The changes to evalFactor and evalExpression are similar. The Sheet class remains quite simple. Here's the code.

class Sheet
{
public:
    Sheet();
    virtual ~Sheet();
	
    static bool isFormula( const String& content );
	
    String get( const String& cellName ); 
    String getLiteral( const String& cellName );
	
    void put( const String& cellName, const String& cellValue );

private:
    std::map(String, String) m_content;
};

bool Sheet::isFormula( const String& content )
{
    return content[0] == '=';
}

String Sheet::get( const String & )
{
    const String& content = m_content[cellName];
	
    if ( isFormula( content ) )
    {
        FormulaParser parser( this );
        int value;
        if ( parser.eval( content, value ) )
            return String::toString( value );
        else
            return "#Error";
    }
	else if ( content.isNumeric() )
        return content.trim();
    else
        return content;
}

String Sheet::getLiteral( const String& cellName )
{
    return m_content[cellName];
}

void Sheet::put( const String & cellName, const String& cellValue )
{
    m_content[cellName] = cellValue;
}

Much of this looks familiar - like Sheet before I introduced the Cell class.
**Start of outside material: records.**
text \<open>Germ classes at \<open>\<theta>\<close> of the elements moving \<open>\<theta>\<close> into \<open>D\<close> are translates of germ classes
  of stabilisers of the finitely many points of \<open>orbit act \<theta> \<inter> D\<close>.\<close>

lemma finite_germ_classes:
  fixes act :: "'g::{group_add, topological_space} \<Rightarrow> 't::topological_space \<Rightarrow> 't"
  assumes ga: "group_action act" and jc: "jointly_continuous_action act"
    and fin: "finite (orbit act \<theta> \<inter> D)"
    and laf: "\<And>p. p \<in> D \<Longrightarrow> locally_almost_free_at act p"
  defines "S \<equiv> {g. act g \<theta> \<in> D}"
  shows "finite (S // (germ_rel act \<theta> \<inter> S \<times> S))"
proof -
  define E where "E = germ_rel act \<theta> \<inter> S \<times> S"
  define P where "P = orbit act \<theta> \<inter> D"
  define Q where "Q = (\<lambda>p. stabilizer act p // (germ_rel act p \<inter> stabilizer act p \<times> stabilizer act p))"
  have "\<forall>p\<in>P. \<exists>g. act g \<theta> = p"
    unfolding P_def orbit_def by blast
  then obtain k where k: "\<And>p. p \<in> P \<Longrightarrow> act (k p) \<theta> = p"
    by metis
  have "S // E \<subseteq> (\<lambda>(p, C). E `` {(SOME s. s \<in> C) + k p}) ` Sigma P Q"
  proof
    fix X
    assume "X \<in> S // E"
    then obtain g where g: "g \<in> S" "X = E `` {g}"
      by (rule quotientE)
    define p where "p = act g \<theta>"
    have "p \<in> P"
      using g unfolding p_def P_def S_def orbit_def by auto
    obtain C where "C \<in> Q p" and germ: "(g, (SOME s. s \<in> C) + k p) \<in> germ_rel act \<theta>"
      and "act ((SOME s. s \<in> C) + k p) \<theta> = p"
      using germ_class_from_stabilizer[OF ga jc k[OF \<open>p \<in> P\<close>, unfolded p_def]]
      unfolding Q_def p_def by metis
    then have "(g, (SOME s. s \<in> C) + k p) \<in> E"
      using g germ \<open>p \<in> P\<close> unfolding E_def S_def P_def by simp
    then have "X = E `` {(SOME s. s \<in> C) + k p}"
      unfolding g(2) E_def by (rule equiv_class_eq[OF germ_rel_equiv])
    then show "X \<in> (\<lambda>(p, C). E `` {(SOME s. s \<in> C) + k p}) ` Sigma P Q"
      using \<open>p \<in> P\<close> \<open>C \<in> Q p\<close> by force
  qed
  moreover have "finite (Sigma P Q)"
    using fin laf unfolding P_def Q_def locally_almost_free_at_def by (intro finite_SigmaI) auto
  ultimately show ?thesis
    unfolding E_def by (meson finite_imageI finite_subset)
qed

lemma finite_image_if_factors_through:
  assumes "finite (h ` A)" and "\<And>x x'. x \<in> A \<Longrightarrow> x' \<in> A \<Longrightarrow> h x = h x' \<Longrightarrow> t x = t x'"
  shows "finite (t ` A)"
proof -
  have "t ` A \<subseteq> (\<lambda>q. t (SOME x. x \<in> A \<and> h x = q)) ` h ` A"
  proof
    fix z
    assume "z \<in> t ` A"
    then obtain x where "x \<in> A" "z = t x"
      by blast
    define x' where "x' = (SOME x'. x' \<in> A \<and> h x' = h x)"
    have "x' \<in> A \<and> h x' = h x"
      unfolding x'_def by (rule someI[of "\<lambda>x'. x' \<in> A \<and> h x' = h x" x]) (simp add: \<open>x \<in> A\<close>)
    then have "z = t (SOME x'. x' \<in> A \<and> h x' = h x)"
      using assms(2) \<open>x \<in> A\<close> \<open>z = t x\<close> unfolding x'_def by metis
    then show "z \<in> (\<lambda>q. t (SOME x. x \<in> A \<and> h x = q)) ` h ` A"
      using \<open>x \<in> A\<close> by (intro image_eqI[of z _ "h x"] imageI)
  qed
  then show ?thesis
    using assms(1) by (rule finite_subset[OF _ finite_imageI])
qed

lemma finite_traces_if_finite_germ_classes:
  fixes act :: "'g \<Rightarrow> 't::topological_space \<Rightarrow> 't" and f :: "'t \<Rightarrow> 'k::topological_space"
  assumes fin: "finite (S // (germ_rel act \<theta> \<inter> S \<times> S))"
    and cont: "\<And>g. g \<notin> S \<Longrightarrow> act g \<theta> \<notin> discont_set act \<theta>0 f"
  shows "finite ((\<lambda>y g. y g \<in> V) ` {y. lies_over act \<theta>0 f \<theta> y})"
proof (rule finite_image_if_factors_through)
  define E where "E = germ_rel act \<theta> \<inter> S \<times> S"
  let ?\<Phi> = "\<lambda>y. {C \<in> S // E. \<exists>g\<in>C. y g \<in> V}"
  show "finite (?\<Phi> ` {y. lies_over act \<theta>0 f \<theta> y})"
    using fin unfolding E_def by (auto intro: finite_subset[of _ "Pow (S // _)"])
  have in_V_iff: "y g \<in> V \<longleftrightarrow> E `` {g} \<in> ?\<Phi> y" if "lies_over act \<theta>0 f \<theta> y" "g \<in> S" for y g
  proof
    have "g \<in> E `` {g}"
      unfolding E_def using germ_rel_equiv equiv_class_self that(2) by metis
    moreover have "E `` {g} \<in> S // E"
      using \<open>g \<in> S\<close> by (rule quotientI)
    moreover assume "y g \<in> V"
    ultimately show "E `` {g} \<in> ?\<Phi> y"
      by blast
  next
    assume "E `` {g} \<in> ?\<Phi> y"
    then obtain g' where "(g, g') \<in> E" "y g' \<in> V"
      by blast
    then show "y g \<in> V"
      using lies_over_germ[OF that(1)] unfolding E_def by (metis IntD1)
  qed
  fix y y'
  assume "y \<in> {y. lies_over act \<theta>0 f \<theta> y}" "y' \<in> {y. lies_over act \<theta>0 f \<theta> y}" and "?\<Phi> y = ?\<Phi> y'"
  then have y: "lies_over act \<theta>0 f \<theta> y" "lies_over act \<theta>0 f \<theta> y'" and "?\<Phi> y = ?\<Phi> y'"
    by simp_all
  show "(\<lambda>g. y g \<in> V) = (\<lambda>g. y' g \<in> V)"
  proof
    fix g
    show "y g \<in> V \<longleftrightarrow> y' g \<in> V"
    proof (cases "g \<in> S")
      case True
      then show ?thesis
        using in_V_iff[OF y(1)] in_V_iff[OF y(2)] \<open>?\<Phi> y = ?\<Phi> y'\<close> by simp
    next
      case False
      then show ?thesis
        using lies_over_eq_outside_discont_set[OF y cont[OF False]] by simp
    qed
  qed
qed

lemma finite_traces_over_point:
  fixes act :: "'g::{group_add, topological_space} \<Rightarrow> 't::topological_space \<Rightarrow> 't" and f :: "'t \<Rightarrow> 'k::topological_space"
  assumes "group_action act" and "jointly_continuous_action act"
    and "\<And>\<theta>. finite (orbit act \<theta> \<inter> discont_set act \<theta>0 f)"
    and "\<And>\<theta>. \<theta> \<in> discont_set act \<theta>0 f \<Longrightarrow> locally_almost_free_at act \<theta>"
  shows "finite ((\<lambda>y g. y g \<in> V) ` {y. lies_over act \<theta>0 f \<theta> y})"
proof -
  have "finite ({g. act g \<theta> \<in> discont_set act \<theta>0 f} // (germ_rel act \<theta> \<inter> {g. act g \<theta> \<in> discont_set act \<theta>0 f} \<times> {g. act g \<theta> \<in> discont_set act \<theta>0 f}))"
    using assms(1,2) assms(3)[of \<theta>] assms(4) by (rule finite_germ_classes)
  moreover have "\<And>g. g \<notin> {g. act g \<theta> \<in> discont_set act \<theta>0 f} \<Longrightarrow> act g \<theta> \<notin> discont_set act \<theta>0 f"
    by simp
  ultimately show ?thesis
    by (rule finite_traces_if_finite_germ_classes)
qed

lemma finite_patterns_over_point:
  fixes act :: "'g::{group_add, topological_space} \<Rightarrow> 't::topological_space \<Rightarrow> 't" and f :: "'t \<Rightarrow> 'k::topological_space"
    and Y :: "'b \<Rightarrow> 'g \<Rightarrow> 'k"
  assumes "group_action act" and "jointly_continuous_action act"
    and "\<And>\<theta>. finite (orbit act \<theta> \<inter> discont_set act \<theta>0 f)"
    and "\<And>\<theta>. \<theta> \<in> discont_set act \<theta>0 f \<Longrightarrow> locally_almost_free_at act \<theta>"
    and over: "\<And>b. lies_over act \<theta>0 f (\<Theta> b) (Y b)" and inj: "inj (\<lambda>b g. Y b g \<in> V)"
  shows "finite {b. \<Theta> b = \<theta>}"
proof -
  have "inj_on (\<lambda>b g. Y b g \<in> V) {b. \<Theta> b = \<theta>}"
    using inj by (rule inj_on_subset) simp
  moreover have "(\<lambda>b g. Y b g \<in> V) ` {b. \<Theta> b = \<theta>} \<subseteq> (\<lambda>y g. y g \<in> V) ` {y. lies_over act \<theta>0 f \<theta> y}"
    using over by blast
  moreover have "finite ((\<lambda>y g. y g \<in> V) ` {y. lies_over act \<theta>0 f \<theta> y})"
    using assms(1-4) by (rule finite_traces_over_point)
  ultimately show ?thesis
    by (rule inj_on_finite)
qed

lemma fiber_meets_frequent_values:
  fixes t :: "nat \<Rightarrow> 't::t2_space" and k :: "nat \<Rightarrow> 'k::topological_space"
  assumes "compact (UNIV :: 't set)" and "closed F" and "compact V"
    and graph: "\<And>n. (t n, k n) \<in> F" and lim: "t \<longlonglongrightarrow> p"
    and freq: "\<exists>\<^sub>F n in sequentially. k n \<in> V"
  shows "fiber F p \<inter> V \<noteq> {}"
proof
  assume empty: "fiber F p \<inter> V = {}"
  define K where "K = fst ` (F \<inter> UNIV \<times> V)"
  have "compact (F \<inter> UNIV \<times> V)"
    using assms(2) compact_Times[OF assms(1,3)] by (rule closed_Int_compact)
  then have "open (- K)"
    unfolding K_def by (intro open_Compl compact_imp_closed compact_continuous_image continuous_intros)
  moreover have "p \<in> - K"
  proof
    assume "p \<in> K"
    then obtain v where "(p, v) \<in> F" "v \<in> V"
      unfolding K_def by force
    then show False
      using empty unfolding fiber_def by blast
  qed
  ultimately have eventually_outside: "\<forall>\<^sub>F n in sequentially. t n \<in> - K"
    by (rule topological_tendstoD[OF lim])
  have "t n \<in> K" if "k n \<in> V" for n
    unfolding K_def using graph[of n] that by (intro image_eqI[of _ fst "(t n, k n)"]) auto
  then have "\<exists>\<^sub>F n in sequentially. t n \<in> K"
    by (rule frequently_elim1[OF freq])
  then have "\<exists>\<^sub>F n in sequentially. t n \<in> K \<and> t n \<in> - K"
    using eventually_outside by (rule frequently_eventually_frequently)
  then show False
    by simp
qed

lemma lies_over_limit_in_discont_set:
  fixes act :: "'g \<Rightarrow> 't::t2_space \<Rightarrow> 't" and f :: "'t \<Rightarrow> 'k::topological_space"
  assumes cT: "compact (UNIV :: 't set)" and cK: "compact (UNIV :: 'k set)"
    and V: "closed V0" "closed V1" "V0 \<inter> V1 = {}"
    and y: "lies_over act \<theta>0 f \<theta> y" and lim: "(\<lambda>n. act (gs n) \<theta>) \<longlonglongrightarrow> p"
    and freq0: "\<exists>\<^sub>F n in sequentially. y (gs n) \<in> V0"
    and freq1: "\<exists>\<^sub>F n in sequentially. y (gs n) \<in> V1"
  shows "p \<in> discont_set act \<theta>0 f"
proof -
  have meets: "fiber (graph_closure act \<theta>0 f) p \<inter> V \<noteq> {}"
    if "closed V" and freq: "\<exists>\<^sub>F n in sequentially. y (gs n) \<in> V" for V
  proof (rule fiber_meets_frequent_values[OF cT _ _ _ lim freq])
    show "closed (graph_closure act \<theta>0 f)"
      unfolding graph_closure_def by simp
    show "compact V"
      using compact_Int_closed[OF cK \<open>closed V\<close>] by simp
    show "(act (gs n) \<theta>, y (gs n)) \<in> graph_closure act \<theta>0 f" for n
      using y by (rule lies_over_graph_closure)
  qed
  obtain k0 k1 where "k0 \<in> fiber (graph_closure act \<theta>0 f) p" "k0 \<in> V0"
    and "k1 \<in> fiber (graph_closure act \<theta>0 f) p" "k1 \<in> V1"
    using meets[OF V(1) freq0] meets[OF V(2) freq1] by blast
  moreover have "k0 \<noteq> k1"
    using \<open>k0 \<in> V0\<close> \<open>k1 \<in> V1\<close> V(3) by blast
  ultimately show ?thesis
    unfolding discont_set_def by blast
qed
So, was introducing Cell a mistake? No, I needed it when I did it. Now a new requirement leads me to move functionality out of Cell. There isn't enough left to justify Cell, so I am dropping it.

What about the time wasted? Well, it took minutes to add Cell, and minutes to get rid of it. Having Cell made things simpler for me at the time. It made writing the code faster - actually writing these pages takes lots longer writing the code.

I hadn't really done test-first before in any systematic way. I have generally coded in very small chunks and tested after. The up-front tests seem to provide a better structure for my coding. I also have had a pattern of refactoring my code frequently - although I didn't always call it that. The tests make me even more ready to do it. All in all, I'm pretty happy with what's coming out of this challenge. Now, on to Part 3.